Home Dialysis allows patients to perform dialysis at home, reducing the need for frequent hospital visits and enabling them to better maintain daily routines, employment and family life.
Published evidence, including studies such as Peritoneal Dialysis in the Modern Eraindicates that patients receiving PD often report higher levels of autonomy and lower anxiety compared to in-center HD, contributing to improved quality of life.
Clinically, approximately 80% of ESRD patients are considered suitable candidates for PD. With appropriate management, PD can provide outcomes comparable to HD, while preserving residual renal function, reducing hospitalization rates and serving as a bridge to kidney transplantation.
In pediatric cases, reduced hospital visits may help ease caregiver burden and lower risks associated with disrupted care. When combined with digital tools such as remote patient monitoring, APD enables healthcare providers to track adherence and key clinical parameters, identify early signs of complications and intervene in a timely manner.
To scale up home-based PD over the next five years, which elements of Vietnam’s national kidney care policy framework could be strengthened to support wider access and sustained patient adherence?
Sustaining home dialysis requires several key elements.
A comprehensive reimbursement framework that adequately covers peritoneal dialysis pathways is important to ensure patient access to advanced therapies and to support healthcare teams in delivering consistent care.
Coordination across the healthcare ecosystem is also critical. Public-private partnerships among government agencies, healthcare providers and private-sector stakeholders can help develop a scalable, patient-centered system. This may include standardized training programs, shared protocols for patient education and follow-up, and digital monitoring tools to maintain treatment quality and adherence.
Regional experience suggests that clear governance, defined clinical standards, workforce development and quality oversight are central to scaling home dialysis effectively. Private partners can contribute through capacity building, innovation and supply chain support, including reliable home delivery of home dialysis supplies to patients in remote areas and data-sharing mechanisms to reduce the risk of shortages or treatment interruptions.

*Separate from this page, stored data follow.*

(* Let $d\geq 1$ and let $F\in C^1(\mathbb{R}^d)^d$ satisfy $F(x+k)=F(x)+k$ for all $k\in\mathbb{Z}^d$ and $x\in\mathbb{R}^d$. Suppose there exists a $\mathbb{Z}^d$-periodic vector field $b\in C^1(\mathbb{R}^d)^d$ such that $F=X(1,\cdot)$, where $X$ is the flow of $b$. Then $$(\nabla F(x))\,b(x)=b(F(x))\quad\text{for all }x\in\mathbb{R}^d .$$ Moreover, for every $a\in\mathbb{R}^d$ such that $F(a)-a\in\mathbb{Z}^d$ and $\det(\nabla F(a)-I_d)\neq 0$, one has $b(a)=0_{\mathbb{R}^d}$.
   Context: For a $\mathbb{Z}^d$-periodic $b\in C^1(\mathbb{R}^d)^d$, the flow $X:\mathbb{R}\times\mathbb{R}^d\to\mathbb{R}^d$ is defined by $\partial_t X(t,x)=b(X(t,x))$, $X(0,x)=x$. $\nabla F$ denotes the Jacobian matrix of $F$ and $I_d$ the identity matrix. *)

theory Defs
  imports "HOL-Analysis.Analysis"
begin

definition integer_vector :: "real^'n \<Rightarrow> bool" where
  "integer_vector k \<longleftrightarrow> (\<forall>i. k $ i \<in> \<int>)"

end

theory Submission
  imports Defs
begin

text \<open>
  Since \<open>b\<close> is \<open>C\<^sup>1\<close>, it is Lipschitz on bounded sets, so solutions of \<open>x' = b x\<close> are unique
  (Gronwall). Hence the flow has the group property \<open>X s \<circ> X t = X (s + t)\<close>, and the time-one
  map \<open>F\<close> commutes with every \<open>X t\<close>. Differentiating \<open>F (X t x) = X t (F x)\<close> at \<open>t = 0\<close> gives
  \<open>DF x b x = b (F x)\<close>. If \<open>F a - a\<close> is an integer vector, periodicity gives \<open>b (F a) = b a\<close>,
  so \<open>b a\<close> is a fixed vector of \<open>DF a\<close>, which must vanish when \<open>DF a - I\<close> is invertible.
\<close>

lemma has_vector_derivative_compose_affine:
  fixes u :: "real \<Rightarrow> 'a::real_normed_vector"
  assumes "(u has_vector_derivative v) (at (c * t + s))"
  shows "((\<lambda>t. u (c * t + s)) has_vector_derivative c *\<^sub>R v) (at t)"
proof -
  have "((\<lambda>t. c * t + s) has_vector_derivative c) (at t)"
    by (auto intro!: derivative_eq_intros)
  from vector_diff_chain_at[OF this assms] show ?thesis
    by (simp add: o_def)
qed

lemma onorm_matrix_vector_mult_le:
  fixes A :: "real^'n^'m"
  shows "onorm ((*v) A) \<le> real CARD('m) * real CARD('n) * norm A"
proof (rule onorm_le_matrix_component)
  fix i j
  show "\<bar>A $ i $ j\<bar> \<le> norm A"
    using component_le_norm_cart[of "A $ i" j] Finite_Cartesian_Product.norm_nth_le[of A i]
    by (meson order_trans)
qed

lemma C1_lipschitz_on_compact_convex:
  fixes f :: "real^'n \<Rightarrow> real^'m" and D :: "real^'n \<Rightarrow> real^'n^'m"
  assumes "compact S" "convex S"
    and f': "\<And>x. x \<in> S \<Longrightarrow> (f has_derivative (\<lambda>h. D x *v h)) (at x within S)"
    and D_cont: "continuous_on S D"
  obtains L where "L-lipschitz_on S f"
proof -
  obtain M where M: "\<And>x. x \<in> S \<Longrightarrow> norm (D x) \<le> M"
    using compact_imp_bounded[OF compact_continuous_image[OF D_cont \<open>compact S\<close>]]
    by (auto simp: bounded_iff)
  define L where "L = real CARD('m) * real CARD('n) * max M 0"
  have "norm (f u - f v) \<le> L * norm (u - v)" if "u \<in> S" "v \<in> S" for u v
  proof (rule differentiable_bound[OF \<open>convex S\<close> f' _ that])
    fix x assume "x \<in> S"
    have "onorm ((*v) (D x)) \<le> real CARD('m) * real CARD('n) * norm (D x)"
      by (rule onorm_matrix_vector_mult_le)
    also have "\<dots> \<le> L"
      unfolding L_def using M[OF \<open>x \<in> S\<close>] by (intro mult_left_mono) auto
    finally show "onorm (\<lambda>h. D x *v h) \<le> L" .
  qed
  then have "L-lipschitz_on S f"
    by (intro lipschitz_onI) (auto simp: dist_norm L_def)
  then show ?thesis by (rule that)
qed

lemma lipschitz_ode_solutions_eq_forward:
  fixes f :: "'a::real_inner \<Rightarrow> 'a" and y z :: "real \<Rightarrow> 'a"
  assumes lip: "L-lipschitz_on S f"
    and y_in: "y ` {0..T} \<subseteq> S" and z_in: "z ` {0..T} \<subseteq> S"
    and y': "\<And>t. t \<in> {0..T} \<Longrightarrow> (y has_vector_derivative f (y t)) (at t)"
    and z': "\<And>t. t \<in> {0..T} \<Longrightarrow> (z has_vector_derivative f (z t)) (at t)"
    and init: "y 0 = z 0" and "0 \<le> T"
  shows "y T = z T"
proof -
  define w where "w s = (y s - z s) \<bullet> (y s - z s)" for s
  define w' where "w' s = 2 * ((y s - z s) \<bullet> (f (y s) - f (z s)))" for s
  have w_deriv: "(w has_real_derivative w' s) (at s)" if "s \<in> {0..T}" for s
  proof -
    have "((\<lambda>s. y s - z s) has_vector_derivative f (y s) - f (z s)) (at s)"
      using y'[OF that] z'[OF that] by (rule has_vector_derivative_diff)
    then have "((\<lambda>s. y s - z s) has_derivative (\<lambda>h. h *\<^sub>R (f (y s) - f (z s)))) (at s)"
      by (simp add: has_vector_derivative_def)
    from has_derivative_inner[OF this this] show ?thesis
      unfolding w_def w'_def has_field_derivative_def
      by (rule has_derivative_eq_rhs) (auto simp: inner_commute algebra_simps)
  qed
  have w'_le: "w' s \<le> 2 * L * w s" if "s \<in> {0..T}" for s
  proof -
    have "norm (f (y s) - f (z s)) \<le> L * norm (y s - z s)"
      using y_in z_in that by (intro lipschitz_on_normD[OF lip]) auto
    then have "(y s - z s) \<bullet> (f (y s) - f (z s)) \<le> norm (y s - z s) * (L * norm (y s - z s))"
      by (meson norm_cauchy_schwarz mult_left_mono norm_ge_zero order_trans)
    then show ?thesis
      by (simp add: w_def w'_def power2_norm_eq_inner[symmetric] power2_eq_square algebra_simps)
  qed
  \<comment> \<open>Gronwall: \<open>g\<close> is nonincreasing, vanishes at 0 and is nonnegative.\<close>
  define g where "g s = exp (-2 * L * s) * w s" for s
  have "g T \<le> g 0"
  proof (rule DERIV_nonpos_imp_nonincreasing[OF \<open>0 \<le> T\<close>])
    fix s assume "0 \<le> s" "s \<le> T"
    then have s: "s \<in> {0..T}" by simp
    have "(g has_real_derivative exp (-2 * L * s) * (w' s - 2 * L * w s)) (at s)"
      unfolding g_def
      by (rule derivative_eq_intros w_deriv[OF s] refl | simp add: algebra_simps)+
    moreover have "exp (-2 * L * s) * (w' s - 2 * L * w s) \<le> 0"
      using w'_le[OF s] by (simp add: mult_nonneg_nonpos)
    ultimately show "\<exists>d. (g has_real_derivative d) (at s) \<and> d \<le> 0" by blast
  qed
  also have "g 0 = 0" by (simp add: g_def w_def init)
  finally have "w T \<le> 0"
    by (simp add: g_def mult_le_0_iff)
  then show ?thesis by (simp add: w_def not_less[symmetric])
qed

lemma ode_solutions_eq_forward:
  fixes f :: "'a::real_inner \<Rightarrow> 'a" and y z :: "real \<Rightarrow> 'a"
  assumes lip: "\<And>R. \<exists>L. L-lipschitz_on (cball 0 R) f"
    and y': "\<And>t. (y has_vector_derivative f (y t)) (at t)"
    and z': "\<And>t. (z has_vector_derivative f (z t)) (at t)"
    and init: "y 0 = z 0" and "0 \<le> T"
  shows "y T = z T"
proof -
  have "continuous_on {0..T} y" "continuous_on {0..T} z"
    using y' z' by (auto intro!: continuous_at_imp_continuous_on has_vector_derivative_continuous)
  then have "bounded (y ` {0..T} \<union> z ` {0..T})"
    by (intro compact_imp_bounded compact_Un compact_continuous_image) auto
  then obtain R where R: "\<And>p. p \<in> y ` {0..T} \<union> z ` {0..T} \<Longrightarrow> norm p \<le> R"
    by (auto simp: bounded_iff)
  obtain L where "L-lipschitz_on (cball 0 R) f"
    using lip by blast
  moreover have "y ` {0..T} \<subseteq> cball 0 R" "z ` {0..T} \<subseteq> cball 0 R"
    using R by auto
  ultimately show ?thesis
    using y' z' init \<open>0 \<le> T\<close> by (rule lipschitz_ode_solutions_eq_forward)
qed

lemma ode_solutions_eq:
  fixes f :: "'a::real_inner \<Rightarrow> 'a" and y z :: "real \<Rightarrow> 'a"
  assumes lip: "\<And>R. \<exists>L. L-lipschitz_on (cball 0 R) f"
    and y': "\<And>t. (y has_vector_derivative f (y t)) (at t)"
    and z': "\<And>t. (z has_vector_derivative f (z t)) (at t)"
    and init: "y 0 = z 0"
  shows "y T = z T"
proof (cases "0 \<le> T")
  case True
  with assms show ?thesis by (rule ode_solutions_eq_forward)
next
  case False
  have reversed: "((\<lambda>t. u (- t)) has_vector_derivative - f (u (- t))) (at t)"
    if "\<And>t. (u has_vector_derivative f (u t)) (at t)" for u :: "real \<Rightarrow> 'a" and t
    using has_vector_derivative_compose_affine[of u "f (u (- t))" "- 1" t 0] that by simp
  have "\<And>R. \<exists>L. L-lipschitz_on (cball 0 R) (\<lambda>x. - f x)"
    using lip by simp
  from ode_solutions_eq_forward[OF this reversed[OF y'] reversed[OF z'], of "- T"]
  show ?thesis using init False by simp
qed

lemma flow_add:
  fixes X :: "real \<Rightarrow> 'a::real_inner \<Rightarrow> 'a"
  assumes lip: "\<And>R. \<exists>L. L-lipschitz_on (cball 0 R) f"
    and X': "\<And>t x. ((\<lambda>s. X s x) has_vector_derivative f (X t x)) (at t)"
    and X0: "\<And>x. X 0 x = x"
  shows "X s (X t x) = X (s + t) x"
proof -
  have "((\<lambda>s. X (s + t) x) has_vector_derivative f (X (s + t) x)) (at s)" for s
    using has_vector_derivative_compose_affine[of "\<lambda>r. X r x" _ 1 s t] X' by simp
  from ode_solutions_eq[OF lip X' this] show ?thesis
    by (simp add: X0)
qed

lemma derivative_intertwines_flows:
  fixes F :: "'a::real_normed_vector \<Rightarrow> 'b::real_normed_vector"
    and X :: "real \<Rightarrow> 'a \<Rightarrow> 'a" and Y :: "real \<Rightarrow> 'b \<Rightarrow> 'b"
  assumes F': "(F has_derivative F') (at x)"
    and X': "((\<lambda>t. X t x) has_vector_derivative b x) (at 0)" and X0: "X 0 x = x"
    and Y': "((\<lambda>t. Y t (F x)) has_vector_derivative c (F x)) (at 0)"
    and conj: "\<And>t. F (X t x) = Y t (F x)"
  shows "F' (b x) = c (F x)"
proof -
  have "((\<lambda>t. X t x) has_derivative (\<lambda>h. h *\<^sub>R b x)) (at 0)"
    using X' by (simp add: has_vector_derivative_def)
  moreover have "(F has_derivative F') (at (X 0 x))"
    using F' by (simp add: X0)
  ultimately have "((\<lambda>t. F (X t x)) has_derivative (\<lambda>h. F' (h *\<^sub>R b x))) (at 0)"
    using diff_chain_at by (fastforce simp: o_def)
  then have "((\<lambda>t. Y t (F x)) has_vector_derivative F' (b x)) (at 0)"
    using has_derivative_bounded_linear[OF F']
    by (simp add: conj has_vector_derivative_def linear_simps)
  from this Y' show ?thesis
    by (rule vector_derivative_unique_at)
qed

lemma fixed_vector_eq_0:
  fixes A :: "real^'n^'n"
  assumes "det (A - mat 1) \<noteq> 0" and "A *v v = v"
  shows "v = 0"
proof -
  have "inj ((*v) (A - mat 1))"
    using assms(1) invertible_det_nz inj_matrix_vector_mult by blast
  moreover have "(A - mat 1) *v v = (A - mat 1) *v 0"
    using assms(2) by (simp add: matrix_vector_mult_diff_rdistrib)
  ultimately show ?thesis
    by (rule injD)
qed

theorem proposition2p1:
  fixes F b :: "real^'n \<Rightarrow> real^'n"
    and DF Db :: "real^'n \<Rightarrow> real^'n^'n"
    and X :: "real \<Rightarrow> real^'n \<Rightarrow> real^'n"
  assumes F_deriv: "\<And>x. (F has_derivative (\<lambda>h. DF x *v h)) (at x)"
    and F_C1: "continuous_on UNIV DF"
    and F_shift: "\<And>x k. integer_vector k \<Longrightarrow> F (x + k) = F x + k"
    and b_deriv: "\<And>x. (b has_derivative (\<lambda>h. Db x *v h)) (at x)"
    and b_C1: "continuous_on UNIV Db"
    and b_periodic: "\<And>x k. integer_vector k \<Longrightarrow> b (x + k) = b x"
    and X_ode: "\<And>t x. ((\<lambda>s. X s x) has_vector_derivative b (X t x)) (at t)"
    and X_init: "\<And>x. X 0 x = x"
    and F_time1: "\<And>x. F x = X 1 x"
  shows "(\<forall>x. DF x *v b x = b (F x)) \<and>
         (\<forall>a. integer_vector (F a - a) \<and> det (DF a - mat 1) \<noteq> 0 \<longrightarrow> b a = 0)"
proof -
  have b_lip: "\<exists>L. L-lipschitz_on (cball 0 R) b" for R
    using b_deriv b_C1
    by (meson C1_lipschitz_on_compact_convex compact_cball convex_cball
        has_derivative_at_withinI continuous_on_subset subset_UNIV)
  have F_comm: "F (X t x) = X t (F x)" for t x
    using flow_add[OF b_lip X_ode X_init, of 1 t x] flow_add[OF b_lip X_ode X_init, of t 1 x]
    by (simp add: F_time1 add.commute)
  have equivariant: "DF x *v b x = b (F x)" for x
  proof -
    have "((\<lambda>t. X t y) has_vector_derivative b y) (at 0)" for y
      using X_ode[where t = 0 and x = y] by (simp add: X_init)
    from derivative_intertwines_flows[where X = X and Y = X and b = b and c = b,
        OF F_deriv this X_init this F_comm]
    show ?thesis .
  qed
  moreover have "b a = 0" if "integer_vector (F a - a)" "det (DF a - mat 1) \<noteq> 0" for a
    using fixed_vector_eq_0[OF that(2)] equivariant[of a] b_periodic[OF that(1), of a] by simp
  ultimately show ?thesis
    by blast
qed

end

How does Vantive commit to working alongside Vietnam’s healthcare system to help build a sustainable kidney care ecosystem?
Vantive states that its approach is guided by a patient-centered strategy focused on both clinical needs and long-term system sustainability, with three main priorities.
First, the company positions itself as a long-term partner by introducing therapies while also sharing global and regional expertise to support the development of an equitable kidney care system.
Second, it seeks to strengthen public-private collaboration to expand patient access, particularly through the adoption of home dialysis. This includes working with central and provincial hospitals to support standardized training and patient education programs.
Third, Vantive emphasizes digital infrastructure, including remote patient management and electronic medical records, to enable data-driven care, improve coordination and support treatment continuity.
According to the company, expanding home dialysis represents an important step toward improving access to care for kidney patients in Vietnam while supporting broader healthcare system resilience.